Sleek, sexy, and unapologetically modern: Walking into Jennie C. Jones’ mid-career survey at the Contemporary Arts Museum Houston feels a lot like being transported to the set of Mad Men. And I don’t think it’s solely because of the blocky, single-colored paintings and drawings Jones employs to call back to that period. Rather, an experiential theatricality is heightened and punctuated in that both Jones and curator Valerie Cassel Oliver treat the entire survey as a single installation, as opposed to discrete bodies of works.

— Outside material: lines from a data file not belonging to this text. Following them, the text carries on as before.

lemma UN_norm_rearr_le_lN_norm:
  assumes mono: "mono_on {0..} N" and cvx: "convex_on {0..} N" and "N 0 = 0"
    and pos: "\<And>t. t > 0 \<Longrightarrow> N t > 0" and bd: "bounded (range a)"
  shows "UN_norm N (\<lambda>j. rearr a (2^j)) \<le> 2 * lN_norm N a"
proof -
  have "UN_norm N (\<lambda>j. rearr a (2^j)) \<le> ennreal 2 * lN_norm N a"
    unfolding lN_norm_def UN_norm_def
  proof (rule Inf_ennreal_scaled_le)
    fix u :: real
    assume "u > 0" and le1: "(\<Sum>k. ennreal (N (\<bar>a k\<bar> / u))) \<le> 1"
    let ?\<phi> = "\<lambda>x. ennreal (N (x / u))"
    have halve: "2 * ennreal (N (rearr a (2^j) / (2 * u))) \<le> ?\<phi> (rearr a (2^j))" for j
    proof -
      have "N (1/2 * (rearr a (2^j) / u)) \<le> 1/2 * N (rearr a (2^j) / u)"
        using rearr_nonneg[OF bd, of "2^j"] \<open>u > 0\<close>
        by (intro convex_on_scale_le[OF cvx \<open>N 0 = 0\<close>]) auto
      then have "ennreal (2 * N (rearr a (2^j) / (2 * u))) \<le> ?\<phi> (rearr a (2^j))"
        by (intro ennreal_leI) (simp add: mult.commute)
      then show ?thesis by (simp add: ennreal_mult')
    qed
    have "2 * (\<Sum>j. ennreal (2^j * N (\<bar>rearr a (2^j)\<bar> / (2 * u))))
        = (\<Sum>j. 2^j * (2 * ennreal (N (rearr a (2^j) / (2 * u)))))"
      using rearr_nonneg[OF bd] by (simp add: ennreal_power_two_mult mult.left_commute)
    also have "\<dots> \<le> (\<Sum>j. 2^j * ?\<phi> (rearr a (2^j)))"
      by (intro suminf_le summableI mult_left_mono halve) auto
    also have "\<dots> \<le> 2 * (\<Sum>k. ?\<phi> \<bar>a k\<bar>)"
      using \<open>u > 0\<close> pos
      by (intro dyadic_rearr_le_suminf[OF mono_on_ennreal_dilation[OF mono \<open>u > 0\<close>] _ bd]) simp
    also have "\<dots> \<le> 2 * 1"
      using le1 by (intro mult_left_mono) auto
    finally show "(\<Sum>j. ennreal (2^j * N (\<bar>rearr a (2^j)\<bar> / (2 * u)))) \<le> 1"
      by (subst (asm) ennreal_mult_le_mult_iff) auto
  qed simp
  then show ?thesis by simp
qed

lemma blk_eq_floor_log: "blk m = floor_log (Suc m)"
  unfolding blk_def
proof (rule the_equality)
  show "2 ^ floor_log (Suc m) \<le> m + 1 \<and> m + 1 < 2 ^ (floor_log (Suc m) + 1)"
    using floor_log_exp2_le[of "Suc m"] floor_log_exp2_gt[of "Suc m"] by simp
next
  fix j assume "2 ^ j \<le> m + 1 \<and> m + 1 < (2::nat) ^ (j + 1)"
  then show "j = floor_log (Suc m)" by (intro floor_log_eqI[symmetric]) auto
qed

lemma sum_blk:
  fixes h :: "nat \<Rightarrow> 'a::comm_semiring_1"
  shows "(\<Sum>m<2^J - 1. h (blk m)) = (\<Sum>j<J. 2^j * h j)"
proof (induction J)
  case 0
  then show ?case by simp
next
  case (Suc J)
  have "(\<Sum>m<2^Suc J - 1. h (blk m)) = (\<Sum>m<2^J - 1. h (blk m)) + (\<Sum>m=2^J - 1..<2^Suc J - 1. h (blk m))"
    unfolding lessThan_atLeast0 by (rule sum.atLeastLessThan_concat[symmetric]) auto
  also have "(\<Sum>m=2^J - 1..<2^Suc J - 1. h (blk m)) = (\<Sum>m=(2::nat)^J - 1..<2^Suc J - 1. h J)"
  proof (rule sum.cong)
    fix m assume "m \<in> {(2::nat)^J - 1..<2^Suc J - 1}"
    moreover have "(1::nat) \<le> 2^J" by simp
    ultimately have "2^J \<le> Suc m" "Suc m < 2 * 2^J" by auto
    then show "h (blk m) = h J" by (simp add: blk_eq_floor_log floor_log_eqI)
  qed simp
  also have "\<dots> = 2^J * h J"
    by simp
  finally show ?case using Suc.IH by simp
qed

lemma suminf_blk:
  fixes h :: "nat \<Rightarrow> ennreal"
  shows "(\<Sum>m. h (blk m)) = (\<Sum>j. 2^j * h j)"
proof -
  have "strict_mono (\<lambda>J::nat. 2^J - 1 :: nat)"
    by (rule strict_monoI_Suc) (simp add: diff_less_mono)
  then have "(\<lambda>J. \<Sum>m<2^J - 1. h (blk m)) \<longlonglongrightarrow> (\<Sum>m. h (blk m))"
    using LIMSEQ_subseq_LIMSEQ[OF summable_LIMSEQ[OF summableI]] by (simp add: o_def)
  then have "(\<lambda>J. \<Sum>j<J. 2^j * h j) \<longlonglongrightarrow> (\<Sum>m. h (blk m))"
    by (simp only: sum_blk)
  moreover have "(\<lambda>J. \<Sum>j<J. 2^j * h j) \<longlonglongrightarrow> (\<Sum>j. 2^j * h j)"
    by (rule summable_LIMSEQ[OF summableI])
  ultimately show ?thesis by (rule LIMSEQ_unique)
qed

lemma E_lN_norm_eq_UN_norm: "E_lN_norm N a = UN_norm N a"
proof -
  have "(\<Sum>m. ennreal (N (\<bar>a (blk m)\<bar> / u))) = (\<Sum>j. ennreal (2^j * N (\<bar>a j\<bar> / u)))" for u
    using suminf_blk[of "\<lambda>j. ennreal (N (\<bar>a j\<bar> / u))"] by (simp add: ennreal_power_two_mult)
  then show ?thesis unfolding E_lN_norm_def lN_norm_def UN_norm_def by simp
qed

theorem mainTheorem18:
  fixes N :: "real \<Rightarrow> real"
  assumes "orlicz_function N" and "N 1 = 1" and "delta2_zero N"
  shows "(\<forall>a :: nat \<Rightarrow> real. bounded (range a) \<longrightarrow>
            lN_norm N a \<le> UN_norm N (\<lambda>j. rearr a (2 ^ j)) \<and>
            UN_norm N (\<lambda>j. rearr a (2 ^ j)) \<le> 4 * lN_norm N a)
       \<and> (\<exists>C :: real. C > 0 \<and> (\<forall>a :: nat \<Rightarrow> real.
            E_lN_norm N a \<le> ennreal C * UN_norm N a \<and>
            UN_norm N a \<le> ennreal C * E_lN_norm N a))"
proof -
  have mono: "mono_on {0..} N" and cvx: "convex_on {0..} N" and "N 0 = 0"
    using assms(1) unfolding orlicz_function_def by auto
  have pos: "\<And>t. t > 0 \<Longrightarrow> N t > 0"
    using assms(3) unfolding delta2_zero_def by auto
  have "UN_norm N (\<lambda>j. rearr a (2 ^ j)) \<le> 4 * lN_norm N a" if "bounded (range a)" for a
  proof -
    have "UN_norm N (\<lambda>j. rearr a (2 ^ j)) \<le> 2 * lN_norm N a"
      by (rule UN_norm_rearr_le_lN_norm[OF mono cvx \<open>N 0 = 0\<close> pos that])
    also have "\<dots> \<le> 4 * lN_norm N a" by (intro mult_right_mono) auto
    finally show ?thesis .
  qed
  then show ?thesis
    using lN_norm_le_UN_norm_rearr[OF mono] E_lN_norm_eq_UN_norm
    by (intro conjI allI impI exI[of _ 1]) auto
qed

end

Although subtle, within a few minutes one can hear sound emanating from speakers overhead. A white noise that occasionally skips and falters, it bathes and suffocates the works below in kind of grating, soothing fuzz. What’s really interesting is that there is no title card for this sound (at least not one I could find); we viewers take in the sound not as its own piece, but instead as a moving presence in the space that funnels its way down to each individual work, and it changes and challenges what every painting, drawing, and sculpture was originally intended to be. This is how Jones and Cassel Oliver reframe the work in the show, and thus our viewing experience: it’s not about which individual work is most effective formally, but rather, which work functions as the most effective conduit for the sound.
The easiest answer would be the monochromatic paintings. These also most clearly reconstitute the tenets of modernism, and this is most true with Jones’ Vertical into Decrescendo (dark) (2014), as she Ad Reinhardts her way into a clever subversion of his work while reclaiming and infusing an alternative notion of blackness, and the sculptural inclusion of acoustic absorber panels materially engages with the sound as it, like some innocuous black hole, absorbs it. As gratifying as these monochromes are to look at, they’re also the most literal, and we walk away feeling like we solved a fairly easy equation, as opposed to enjoying the fraught questions and histories Jones is known for tackling.
More poignant and effective are the sculpture/paintings like Sustained Black with Broken Time and Undertone (2011) that hug and slide around a corner, pieces that suggest a continuation of line while also engaging the architecture and squeezing the walls like a vice. This is where the questions—both formally and conceptually—start to feel richer and deeper, and where we more directly feel the simultaneity of expansion and constriction that recurs in so much of Jones’ work.
But nothing compares to the smallest series, smartly placed front and center of the show: the SHHH, The Red Series (all 2014). These sculptural drawings are made up of noise-canceling instrument cables, with each of the three bookended by endpin jacks that read like suction cups as much as they do fixtures to the wall. And this is how Jones manifests not only a conduit for sound but also stealthy history navigation, as the wall they’re attached to becomes part of the artwork and also comes into play as a monumental, architectural, minimalist vacuum from which the cables continually suck from and feed. The red cables are effectively a sonic and material channel, the small intestines devouring and regurgitating modernist tropes while telling their own story as contemporary and even anthropomorphic objects.
SHHH, The Red Series #1 drapes and nourishes like an umbilical cord. SHHH, The Red Series #2 coils, bound by flagrant cable ties not only pointing accusingly at the viewer, but also back at the work itself in self-blame. Most riveting is SHHH, The Red Series #3, which winds with abandon and conviction as it’s choked by at least a dozen truncated cable ties riveting down the line like a spinal column. It is important to note that while, yes, the white wall references minimalism, the void, and Rauschenberg’s white paintings, the tubing reconstitutes proto-feminist ideologies a la Eva Hesse with both material and line.
It’s also important to note the sound room, a modest space surrounded by a black, billowing theater curtain with a lush, fat, elliptical wooden bench parked confidently in the middle—an installation unto itself that feels both quaint and epic. Here Jones plays a 30-minute loop of several short sound pieces, and it is here again where, by her way of cutting, slicing, remixing, and extending previously existing sound clips, we’re (delightfully) caught on a stuttering plateau of endless expansion. Particularly heart-wrenching is What a Little Moonlight (2007), where Jones repeats and overlaps the same note of a woman singing in a kind of shivering run that feels somewhere between a conversation and a howl. Its repetition pounds like a pulse, as if the woman singing is sitting right there with us, whispering into our ear, and disappearing like an apparition.
Jennie C. Jones: Compilation is on view at the Contemporary Arts Museum Houston until March 27, 2016.